Все сидевшие в столовой молча слушали этот разговор, но когда доктор снова начал объяснять про цепочку, Марья Андреевна крикнула отчаянным голосом:

— Ты перестанешь мучить эту несчастную, ведь ты доведешь меня до буйного помешательства!

— Ну и семейка! — крикнул из коридора доктор и захлопнул дверь.

Марья Андреевна сразу же успокоилась и сказала, что Москвину следует надеть докторские брюки, ибо в галифе он выглядит подозрительно.

— Но вообще можете не беспокоиться, — с гордостью проговорила она, — доктор настолько уважаем, что никто не осмелится прийти с обыском в нашу квартиру.

Она ушла хлопотать по хозяйству, а Верхотурский и военкомы остались в столовой.

— Помыть, что ли, посуду, скука смертная, — сказал Москвин и, пощупав свой живот, покачал головой.

Факторович икнул и заговорил плачущим голосом:

— Товарищи, я здесь с ума сойду. Я задыхаюсь в этой обстановке. Я ведь сам жил в такой семейке, у своего папаши, мне эта механика известна.

— Брось, — сказал Москвин, — подумаешь, обстановка, ты бы посмотрел на моего папаню, когда он в получку возвращался.

— А я вот полежу на этом роскошном диване, — сказал Верхотурский и улегся, подкладывая под затылок подушечки.

Он взял одну подушку в руки и принялся разглядывать ее. На черном бархате была вышита бисером яркая бабочка, сотни разноцветных бисеринок переливались в сложном и тонком узоре, составлявшем расцветку крыльев.

Верхотурский ковырнул пальцем вышивку, потер ладонью бабочкины глаза, сделанные из круглых красных пуговичек, и задумчиво сказал:

— Ну-ну, доложу я вам…

Потом он положил подушечку себе на живот и довольно закряхтел.

— Пойдем на склад Опродкомарма, поиграем в шахматишки, — предложил Факторович.

— Только не турнирную, а любительскую, — ответил Москвин.

— Т-рус.

— Я, знаешь, боюсь тебя в один день доконать, у тебя еще рана откроется от огорченья.

— Не бойся за мою рану, товарищ.

Как только они начинали говорить о шахматах, между ними устанавливался этот мальчишеский, сварливый тон.

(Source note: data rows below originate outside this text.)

(* Let $\vec d=(\vec a,\vec b)$ be a bidegree sequence of length $n$ with $\sum_{i=1}^n a_i=\sum_{i=1}^n b_i=n\bar c$. Suppose $M_a,M_b\in\mathbb{N}$ satisfy $\max_i a_i\le M_a$, $\max_i b_i\le M_b$ and $(M_a+1)M_b\le n\bar c$. Then $\vec d$ is graphic. In particular, if $\max\vec d\le\sqrt{\tfrac14+n\bar c}-\tfrac12$, then $\vec d$ is graphic.
   Context: A bidegree sequence of length $n$ is a pair $\vec d=(\vec a,\vec b)$ with $\vec a=(a_1,\dots,a_n)\in\mathbb{N}_0^n$ and $\vec b=(b_1,\dots,b_n)\in\mathbb{N}_0^n$. It is graphic with loops if there is an $n\times n$ matrix with entries in $\{0,1\}$ whose $i$th row sum is $a_i$ and whose $i$th column sum is $b_i$ for every $i\in[1..n]$; it is graphic if such a matrix exists with all diagonal entries equal to $0$. $\max\vec d$ and $\min\vec d$ denote the maximum and minimum over all $2n$ entries $a_1,\dots,a_n,b_1,\dots,b_n$. The number $\bar c$ (the average degree) is defined by $\sum_i a_i=\sum_i b_i=n\bar c$. *)

theory Defs
  imports Complex_Main
begin

text \<open>A bidegree sequence of length n is a pair of functions a b :: nat \<Rightarrow> nat,
  read on the index set {..<n} (i.e. indices 0..n-1 instead of 1..n).\<close>

definition graphic :: "nat \<Rightarrow> (nat \<Rightarrow> nat) \<Rightarrow> (nat \<Rightarrow> nat) \<Rightarrow> bool" where
  "graphic n a b \<longleftrightarrow> (\<exists>M :: nat \<Rightarrow> nat \<Rightarrow> nat.
     (\<forall>i<n. \<forall>j<n. M i j \<in> {0, 1}) \<and>
     (\<forall>i<n. M i i = 0) \<and>
     (\<forall>i<n. (\<Sum>j<n. M i j) = a i) \<and>
     (\<forall>j<n. (\<Sum>i<n. M i j) = b j))"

Это повелось еще с того времени, когда они лежали в полевом госпитале и сестра милосердия, глядя на их бумажные лица и прислушиваясь к их слабым голосам, едва слышным сквозь гул орудий, пугалась — ей казалось, что раненые военкомы сошли с ума.

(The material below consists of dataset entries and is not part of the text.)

lemma density_lborel_eqI_boxes:
  fixes f g :: "'a::euclidean_space \<Rightarrow> ennreal"
  assumes eq: "\<And>l u. emeasure (density lborel f) (box l u) = emeasure (density lborel g) (box l u)"
    and finite: "\<And>l u. emeasure (density lborel f) (box l u) \<noteq> \<infinity>"
  shows "density lborel f = density lborel g"
proof (rule measure_eqI_generator_eq[where E="range (\<lambda>(a, b). box a b)" and \<Omega>=UNIV
      and A="\<lambda>n. box (- (real n *\<^sub>R One)) (real n *\<^sub>R One)"])
  show "Int_stable (range (\<lambda>(a, b). box a b::'a set))"
    by (auto simp: Int_stable_def box_Int_box)
  show "sets (density lborel f) = sigma_sets UNIV (range (\<lambda>(a, b). box a b))"
    "sets (density lborel g) = sigma_sets UNIV (range (\<lambda>(a, b). box a b))"
    by (simp_all add: borel_eq_box)
  show "(\<Union>n. box (- (real n *\<^sub>R One)) (real n *\<^sub>R One)) = (UNIV::'a set)"
    by (rule UN_box_eq_UNIV)
  show "range (\<lambda>(a, b). box a b) \<subseteq> Pow (UNIV::'a set)"
    "range (\<lambda>n. box (- (real n *\<^sub>R One)) (real n *\<^sub>R One)) \<subseteq> range (\<lambda>(a, b). box a b::'a set)"
    by auto
  show "emeasure (density lborel f) (box (- (real n *\<^sub>R One)) (real n *\<^sub>R One)) \<noteq> \<infinity>" for n
    by (rule finite)
  show "emeasure (density lborel f) X = emeasure (density lborel g) X"
    if "X \<in> range (\<lambda>(a, b). box a b)" for X
    using that eq by auto
qed

lemma emeasure_density_max_0:
  fixes g :: "'a \<Rightarrow> real"
  assumes [measurable]: "g \<in> borel_measurable M" "A \<in> sets M"
    and g: "integrable M (\<lambda>x. indicator A x * g x)"
  shows "emeasure (density M (\<lambda>x. ennreal (max 0 (g x)))) A
    = ennreal (\<integral>x. max 0 (indicator A x * g x) \<partial>M)"
proof -
  have "emeasure (density M (\<lambda>x. ennreal (max 0 (g x)))) A
      = (\<integral>\<^sup>+x. ennreal (max 0 (indicator A x * g x)) \<partial>M)"
    by (subst emeasure_density) (auto simp: indicator_def intro!: nn_integral_cong)
  also have "\<dots> = ennreal (\<integral>x. max 0 (indicator A x * g x) \<partial>M)"
    by (rule nn_integral_eq_integral[OF integrable_max[OF integrable_zero g]]) auto
  finally show ?thesis .
qed

lemma AE_zero_if_box_integrals_zero:
  fixes f :: "'a::euclidean_space \<Rightarrow> real"
  assumes [measurable]: "f \<in> borel_measurable lborel"
    and int: "\<And>l u. integrable lborel (\<lambda>x. indicator (box l u) x * f x)"
    and zero: "\<And>l u. (\<integral>x. indicator (box l u) x * f x \<partial>lborel) = 0"
  shows "AE x in lborel. f x = 0"
proof -
  define P where "P x = ennreal (max 0 (f x))" for x
  define N where "N x = ennreal (max 0 (- f x))" for x
  have [measurable]: "P \<in> borel_measurable lborel" "N \<in> borel_measurable lborel"
    unfolding P_def[abs_def] N_def[abs_def] by measurable
  have int_neg: "integrable lborel (\<lambda>x. indicator (box l u) x * - f x)" for l u
    using integrable_minus[OF int[of l u]] by simp
  have "density lborel P = density lborel N"
  proof (rule density_lborel_eqI_boxes)
    fix l u :: 'a
    have "0 = (\<integral>x. indicator (box l u) x * f x \<partial>lborel)"
      using zero by simp
    also have "\<dots> = (\<integral>x. max 0 (indicator (box l u) x * f x) \<partial>lborel)
        - (\<integral>x. max 0 (indicator (box l u) x * - f x) \<partial>lborel)"
      unfolding Bochner_Integration.integral_diff[OF integrable_max[OF integrable_zero int]
          integrable_max[OF integrable_zero int_neg], symmetric]
      by (rule Bochner_Integration.integral_cong) (auto simp: indicator_def max_def)
    finally have "0 = (\<integral>x. max 0 (indicator (box l u) x * f x) \<partial>lborel)
        - (\<integral>x. max 0 (indicator (box l u) x * - f x) \<partial>lborel)" .
    then show "emeasure (density lborel P) (box l u) = emeasure (density lborel N) (box l u)"
      unfolding P_def N_def
      using emeasure_density_max_0[OF _ _ int] emeasure_density_max_0[OF _ _ int_neg] by simp
    show "emeasure (density lborel P) (box l u) \<noteq> \<infinity>"
      unfolding P_def using emeasure_density_max_0[OF _ _ int] by simp
  qed
  then have "AE x in lborel. P x = N x"
    by (intro sigma_finite_measure.density_unique[OF sigma_finite_lborel]) auto
  then show ?thesis
    by eventually_elim (auto simp: P_def N_def max_def split: if_splits)
qed

section \<open>Smooth bumps\<close>

definition ramp_sq :: "real \<Rightarrow> real" where
  "ramp_sq s = (max 0 s)\<^sup>2"

lemma has_real_derivative_ramp_sq: "(ramp_sq has_real_derivative 2 * max 0 s) (at s)"
proof -
  consider "s > 0" | "s < 0" | "s = 0" by linarith
  then show ?thesis
  proof cases
    case 1
    have "((\<lambda>z. z\<^sup>2) has_real_derivative 2 * max 0 s) (at s)"
      using 1 DERIV_pow[of 2 s] by simp
    then show ?thesis
      by (rule has_field_derivative_transform_within_open[where S="{0<..}"])
        (use 1 in \<open>auto simp: ramp_sq_def\<close>)
  next
    case 2
    have "((\<lambda>z. 0) has_real_derivative 2 * max 0 s) (at s)"
      using 2 by simp
    then show ?thesis
      by (rule has_field_derivative_transform_within_open[where S="{..<0}"])
        (use 2 in \<open>auto simp: ramp_sq_def\<close>)
  next
    case 3
    have "ramp_sq z - ramp_sq 0 = max 0 z * (z - 0)" for z
      by (simp add: ramp_sq_def max_def power2_eq_square)
    moreover have "isCont (max 0) (0::real)"
      by (intro continuous_intros)
    ultimately show ?thesis
      using 3 CARAT_DERIV[of ramp_sq 0 0] by auto
  qed
qed

lemma has_real_derivative_ramp_sq_compose [derivative_intros]:
  "(g has_real_derivative g') (at x within S) \<Longrightarrow>
   ((\<lambda>x. ramp_sq (g x)) has_real_derivative 2 * max 0 (g x) * g') (at x within S)"
  using DERIV_chain2[OF has_real_derivative_ramp_sq] by blast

Вдруг с улицы раздался шум, крики. Толкая друг друга, они побежали к окну.

Через площадь мчался толстый лысый человечек, а за ним, придерживая рукой шашку, гнался высокий и тощий польский солдат. Лысый человек бежал молча, он бодал воздух своей круглой головой, точно проламывал себе дорогу, а серовато-синий солдат мерно перебирал ногами и делал это так неохотно, точно верблюд, которого гонят палкой.

— Стуй, стуй, пшя крев! — кричал солдат.

Но «пшя крев» и не думал останавливаться. Вот он в последний раз повел шеей, боднул невидимое препятствие и скрылся за железной калиткой. И тотчас вслед за ним во двор вбежал тощий ленивый верблюд.

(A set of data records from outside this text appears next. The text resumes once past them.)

lemma v_commute_br_block:
  assumes "s \<le> q" "a \<in> I s" "X \<in> phi ! a" "Y \<in> kperp"
  shows "v (br X Y) = br X (v Y)"
proof -
  have X: "X \<in> k"
    using block_subset_k[OF assms(1,2)] assms(3) by blast
  define U where "U = v (br X Y) - br X (v Y)"
  have "U \<in> m"
    unfolding U_def using v_in_m kperp_subset_m br_k_kperp[OF X v_kperp[OF assms(4)]] subspace_m
    by (auto intro: subspace_diff)
  moreover have "U \<bullet> Z = 0" if c: "c < length phi" "Z \<in> phi ! c" for c Z
  proof -
    obtain i where i: "i < length eig" "c \<in> I i"
      using block_in_some_Iset[OF c(1)] by blast
    have vZ: "v Z = eig ! i *\<^sub>R Z"
      using v_block[OF c] Iset_D[OF i(2)] by simp
    have "U \<bullet> Z = br X Y \<bullet> v Z - br X (v Y) \<bullet> Z"
      unfolding U_def by (simp add: inner_diff_left v_symmetric)
    also have "\<dots> = v (br X Z) \<bullet> Y - eig ! i * (br X Z \<bullet> Y)"
      using inner_br_skew[of X Y Z] inner_br_skew[of X "v Y" Z] v_symmetric[of "br X Z" Y] vZ by simp
    finally have UZ: "U \<bullet> Z = v (br X Z) \<bullet> Y - eig ! i * (br X Z \<bullet> Y)" .
    show ?thesis
    proof (cases "i \<le> q")
      case True
      have "br X Z \<in> k"
        using br_k[OF X] block_subset_k[OF True i(2)] c(2) by blast
      then show ?thesis
        using UZ v_k kperp_orthogonal(2)[OF assms(4)] by simp
    next
      case False
      then show ?thesis
        using UZ v_br_block_eigen[OF assms(1-3) i(2) _ i(1) c(2)] by simp
    qed
  qed
  ultimately have "U = 0"
    by (rule zero_if_orthogonal_blocks)
  then show ?thesis
    unfolding U_def by simp
qed

lemma v_commute_br:
  assumes "X \<in> k" "Y \<in> kperp"
  shows "v (br X Y) = br X (v Y)"
proof -
  have "X \<in> span (flag_generators q)"
    using assms(1) k_eq_span by simp
  then have "\<forall>Y\<in>kperp. v (br X Y) = br X (v Y)"
  proof (induction rule: span_induct)
    case base
    show ?case
      unfolding subspace_def
      by (simp add: bilinear_lzero[OF bilinear_br] bilinear_ladd[OF bilinear_br]
          bilinear_lmul[OF bilinear_br] linear_add[OF linear_v] linear_scale[OF linear_v] linear_0[OF linear_v])
  next
    case (step g)
    then show ?case
      using v_commute_br_h v_commute_br_block unfolding flag_generators_def by blast
  qed
  then show ?thesis
    using assms(2) by blast
qed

Площадь вдруг опустела, и три человека, стоя у окна, долго молчали.

— Догонит, сукин кот, — шепотом сказал Москвин.

— Как много камней, — точно силясь понять что-то, проговорил Факторович.

А Верхотурский молчал, поглаживая подушечку, которую машинально захватил, вскочив с дивана.

Из калитки вышел солдат, держа за шнурки два желтых ботинка. Он оглянулся, точно собираясь ступить в воду, и пошел через площадь. И как только солдат побрел, помахивая ботинками, на площадь выбежал лысый толстяк.

— Пани, пани, мои буты! — кричал он, всплескивая руками и приплясывая вокруг солдата. Его ноги в светлых носках еле касались земли, и было похоже, что человек танцует какой-то веселый, задорный танец. Солдат пошел быстрее, но толстяк не отставал от него.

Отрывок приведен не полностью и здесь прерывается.